How China uses western social media platforms to amplify its Xinjiang propaganda in 2020?

William Yang
5 min readApr 5, 2021

The Australian Strategic Policy Institute released a new study last week, which shows that Beijing has been trying to reshape the online narrative about the persecution of ethnic minorities in Xinjiang in 2020. Experts think that democratic countries should learn from Taiwan’s experience in combating propaganda efforts from authoritarian governments.

In a new study published on March 30, the Australian Strategic Institute found that the Chinese government has been trying to use western social media platforms to smear Uyghurs, journalists, academics, and organizations that work on the topic of human rights crises in Xinjiang. Among all the social media platforms, Chinese state media has the best results on Facebook.

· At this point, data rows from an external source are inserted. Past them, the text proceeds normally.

theorem proposition2p5:
  fixes M :: "'a measure" and Q P :: "'a \<Rightarrow> 'a measure"
  assumes "prob_space M"
    and "isometric_involution M Q"
    and "markov_op_L2 M P"
  shows "(muQ_self_adjoint M Q (kop P) \<longrightarrow>
            mu_self_adjoint M (kop Q \<circ> kop P) \<and> mu_self_adjoint M (kop P \<circ> kop Q))
       \<and> (mu_self_adjoint M (kop P) \<longrightarrow>
            muQ_self_adjoint M Q (kop Q \<circ> kop P) \<and> muQ_self_adjoint M Q (kop P \<circ> kop Q))
       \<and> (muQ_self_adjoint M Q (kop P) \<longrightarrow>
            (\<exists>K1 K2. markov_op_L2 M K1 \<and> markov_op_L2 M K2
               \<and> mu_self_adjoint M (kop K1) \<and> mu_self_adjoint M (kop K2)
               \<and> (\<forall>f\<in>L2 M. AE x in M. kop P f x = kop K1 (kop K2 f) x)))"
proof -
  interpret L2_involution_markov_op M Q P
    using assms(2,3) by unfold_locales
  show ?thesis
    using muQ_self_adjoint_imp_self_adjoint_QP muQ_self_adjoint_imp_self_adjoint_PQ
      self_adjoint_imp_muQ_self_adjoint_QP self_adjoint_imp_muQ_self_adjoint_PQ
      muQ_self_adjoint_factorization[OF assms(1)]
    by blast
qed

end
(* Let $m\ge1$, $n=2m$, and let $\mathcal{S}_m\subset\mathcal{S}_n\subset\mathcal{T}$ be nested subsets of the training set of sizes $m$ and $n$, with regularized empirical risks $R_m,R_n$ and minimizers $\mathbf{w}_m^*,\mathbf{w}_n^*$. Let $\mathbf{w}_m$ satisfy $\mathbb{E}[R_m(\mathbf{w}_m)-R_m(\mathbf{w}_m^* )]\le V_m$. Let an iterative descent method (deterministic or stochastic) be applied to $R_n$ which is linearly convergent with factor $0\le\rho_n<1$, i.e., for any initial point $\mathbf{u}_0$, its iterate $\mathbf{u}_s$ after $s$ iterations satisfies $\mathbb{E}[R_n(\mathbf{u}_s)-R_n(\mathbf{w}_n^* )]\le\rho_n^{s}\,(R_n(\mathbf{u}_0)-R_n(\mathbf{w}_n^* ))$ (expectation over the method's internal randomness). Let $\mathbf{w}_n$ be the output of $s_n$ iterations of this method started at $\mathbf{w}_m$. If $$s_n\ \ge\ -\frac{\log\left[3\cdot 2^\alpha+(2^\alpha-1)\left(2+\frac{c}{2}\|\mathbf{w}^*\|^2\right)\right]}{\log\rho_n},$$ then $\mathbb{E}[R_n(\mathbf{w}_n)-R_n(\mathbf{w}_n^* )]\le V_n$.
   Context: Let $Z$ be a random variable with distribution $P$ on a space $\mathcal{Z}$ and $f:\mathbb{R}^p\times\mathcal{Z}\to\mathbb{R}$ a loss function. The expected loss is $L(\mathbf{w})=\mathbb{E}_Z[f(\mathbf{w},Z)]$ and $\mathbf{w}^*$ denotes a minimizer of $L$. The training set $\mathcal{T}=\{z_1,\dots,z_N\}$ consists of $N$ independent samples from $P$. For a (fixed, data-independent) subset $\mathcal{S}\subseteq\mathcal{T}$ with $k$ elements, the empirical loss is $L_{\mathcal{S}}(\mathbf{w})=\frac1k\sum_{z\in\mathcal{S}}f(\mathbf{w},z)$; for the sets $\mathcal{S}_k$ we write $L_k=L_{\mathcal{S}_k}$. Statistical accuracy: $V_k=\gamma/k^\alpha$ with constants $\gamma>0$ and $\alpha\in[0.5,1]$, and it is assumed that for every $k$ and every set $\mathcal{S}$ of $k$ independent samples from $P$, $\mathbb{E}[\sup_{\mathbf{w}\in\mathbb{R}^p}|L(\mathbf{w})-L_{\mathcal{S}}(\mathbf{w})|]\le V_k$ (expectation over the samples). For a constant $c>0$ the regularized empirical risk is $R_k(\mathbf{w})=L_k(\mathbf{w})+\frac{cV_k}{2}\|\mathbf{w}\|^2$, with minimizer $\mathbf{w}_k^*$. Assumption: for every $z$, $f(\cdot,z)$ is convex with $M$-Lipschitz continuous gradient. In the conclusion the expectation is over the training samples and the randomness of the method. *)

theory Defs
  imports "HOL-Probability.Probability"
begin

definition stat_acc :: "real \<Rightarrow> real \<Rightarrow> nat \<Rightarrow> real" where
  "stat_acc \<gamma> \<alpha> k = \<gamma> / (real k powr \<alpha>)"

definition exp_loss :: "'z measure \<Rightarrow> ('w \<Rightarrow> 'z \<Rightarrow> real) \<Rightarrow> 'w \<Rightarrow> real" where
  "exp_loss P f w = (\<integral>z. f w z \<partial>P)"
section \<open>The classes \<open>frakE\<close>\<close>

abbreviation of_int_mat :: "int mat \<Rightarrow> real mat" where
  "of_int_mat A \<equiv> map_mat real_of_int A"

lemma pos_def_int_det_pos:
  assumes "E \<in> carrier_mat s s" "E\<^sup>T = E" "pos_def_real (of_int_mat E)"
  shows "det E > 0"
proof -
  have "(of_int_mat E)\<^sup>T = of_int_mat E" using assms(2) by (metis map_mat_transpose)
  then have "det (of_int_mat E) > 0" using pos_def_real_det_pos[of "of_int_mat E" s] assms by simp
  then show ?thesis by (simp add: of_int_hom.hom_det)
qed

lemma frakE_iff: "E \<in> frakE n M s \<longleftrightarrow> E \<in> carrier_mat s s \<and> E\<^sup>T = E
   \<and> pos_def_real (of_int_mat E) \<and> (\<forall>i<s. E $$ (i,i) = n)
   \<and> (\<forall>i<s. \<forall>j<s. [E $$ (i,j) = n] (mod 4)) \<and> lead_sub (dim_row M) E = M"
  unfolding frakE_def frakC_def by auto

lemma frakE_det_pos: "E \<in> frakE n M s \<Longrightarrow> det E > 0"
  using pos_def_int_det_pos unfolding frakE_iff by blast

lemma pos_def_int_lead_sub:
  assumes E: "E \<in> carrier_mat s s" "pos_def_real (of_int_mat E)" and k: "k \<le> s"
  shows "pos_def_real (of_int_mat (lead_sub k E))"
proof -
  have "of_int_mat (lead_sub k E) = lead_sub k (of_int_mat E)" using E k by (intro eq_matI) auto
  then show ?thesis using pos_def_real_lead_sub[of "of_int_mat E" s k] E k by simp
qed

lemma frakE_det_lead_sub_pos:
  assumes "E \<in> frakE n M s" "k \<le> s"
  shows "det (lead_sub k E) > 0"
  using assms pos_def_int_lead_sub[of E s k]
  by (intro pos_def_int_det_pos[of _ k]) (auto simp: frakE_iff transpose_lead_sub)

lemma frakE_lead_sub:
  assumes E: "E \<in> frakE n M s" and k: "dim_row M \<le> k" "k \<le> s"
  shows "lead_sub k E \<in> frakE n M k"
proof -
  have "lead_sub (dim_row M) (lead_sub k E) = M"
    using lead_sub_lead_sub[OF k(1), of E] E by (simp add: frakE_iff)
  then show ?thesis using E k pos_def_int_lead_sub[of E s k] by (auto simp: frakE_iff transpose_lead_sub)
qed

lemma frakE_sym_permute_mat:
  assumes E: "E \<in> frakE n M s" and p: "p permutes {0..<s}" and fix_M: "\<forall>i<dim_row M. p i = i"
    and M: "dim_row M \<le> s"
  shows "sym_permute_mat p E \<in> frakE n M s"
proof -
  have C: "E \<in> carrier_mat s s" using E by (simp add: frakE_iff)
  have ps: "p i < s" if "i < s" for i using permutes_in_image[OF p] that by simp
  have "E $$ (i,j) = E $$ (j,i)" if "i < s" "j < s" for i j
    using E C that by (metis carrier_matD frakE_iff index_transpose_mat(1))
  then have "(sym_permute_mat p E)\<^sup>T = sym_permute_mat p E"
    using C ps sym_permute_mat_carrier[OF C, of p]
    by (intro eq_matI) (auto simp: sym_permute_mat_index carrier_matD)
  moreover have "of_int_mat (sym_permute_mat p E) = sym_permute_mat p (of_int_mat E)"
    using C ps by (intro eq_matI) (auto simp: sym_permute_mat_def)
  then have "pos_def_real (of_int_mat (sym_permute_mat p E))"
    using pos_def_real_sym_permute_mat[of "of_int_mat E" s p] E C p by (simp add: frakE_iff)
  moreover have "lead_sub (dim_row M) (sym_permute_mat p E) = lead_sub (dim_row M) E"
    using C fix_M M by (intro eq_matI) (auto simp: sym_permute_mat_index)
  ultimately show ?thesis
    using E ps C by (auto simp: frakE_iff sym_permute_mat_carrier sym_permute_mat_index)
qed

In 2020, Chinese state media and diplomats’ Twitter accounts tweeted about Xinjiang nearly 500 times a month, which is a huge increase from 280 times in the previous year. Chinese state media is able to reach more international users on Facebook.

ASPI’s statistics also show that the top six pages posting on Xinjiang in 2020 all belong to Chinese state media, with state broadcaster CGTN being the most popular page with likes on posts related to Xinjiang for three years in a row.

Jacob Wallis, a senior analyst at ASPI and one of the authors of the study, said his team witnessed the uptick of social media accounts that belong to Chinese diplomats and Chinese state media on U.S. based social media platforms since 2018 and they knew there was a broader strategy to amplify the narrative and issues that were of importance to the Chinese Communist Party (CCP).

Based on the data collected by his team, Wallis said it proves that posts and messaging from Chinese state media can have significant engagement on western platforms. “There is no doubt that they had significant engagement and gained significant reach from the western social media platforms,” he said.

But as international investigation and research studies related to the persecution of ethnic minorities in Xinjiang began to emerge throughout 2020, his team noticed that the Chinese diplomats and state media accounts began to lose their upper hand in terms of narrative control.

“Other voices were penetrating that discourse, and we saw a switch in tactics away from using official sources to other vehicles into international political discourse,” Wallis explained.

Utilize fringed media content to strengthen their narratives

ASPI found that once Chinese state media can no longer achieve the same level of success on the topic of Xinjiang through their own content, they began to turn to content from fringed media that has a similar perspective and narrative to them. In some cases, senior officials from multilateral organizations like the World Health Organization and the United Nations also played a role in sharing this kind of content.

The Grayzone is an example highlighted in this study. Based on ASPI’s statistics, the Grayzone was cited at least 252 times by Chinese state-run outlets. Among them, People’s Daily cited the Grayzone 61 times.

The Grayzone has published articles criticizing foreign media reports about forced labor in Xinjiang. They also published a piece to discredit the research conducted by German scholar Adrian Zenz. That particular article was retweeted by Chinese foreign ministry spokesperson Zhao Lijian and Hua Chunying in the following months.

ASPI’s data also shows that before December 2019, Chinese state media didn’t mention the Grayzone in both English and Mandarin. However, since Grayzone’s report began to be widely shared somehow coincides with the beginning of Beijing’s amplification of Grayzone’s content.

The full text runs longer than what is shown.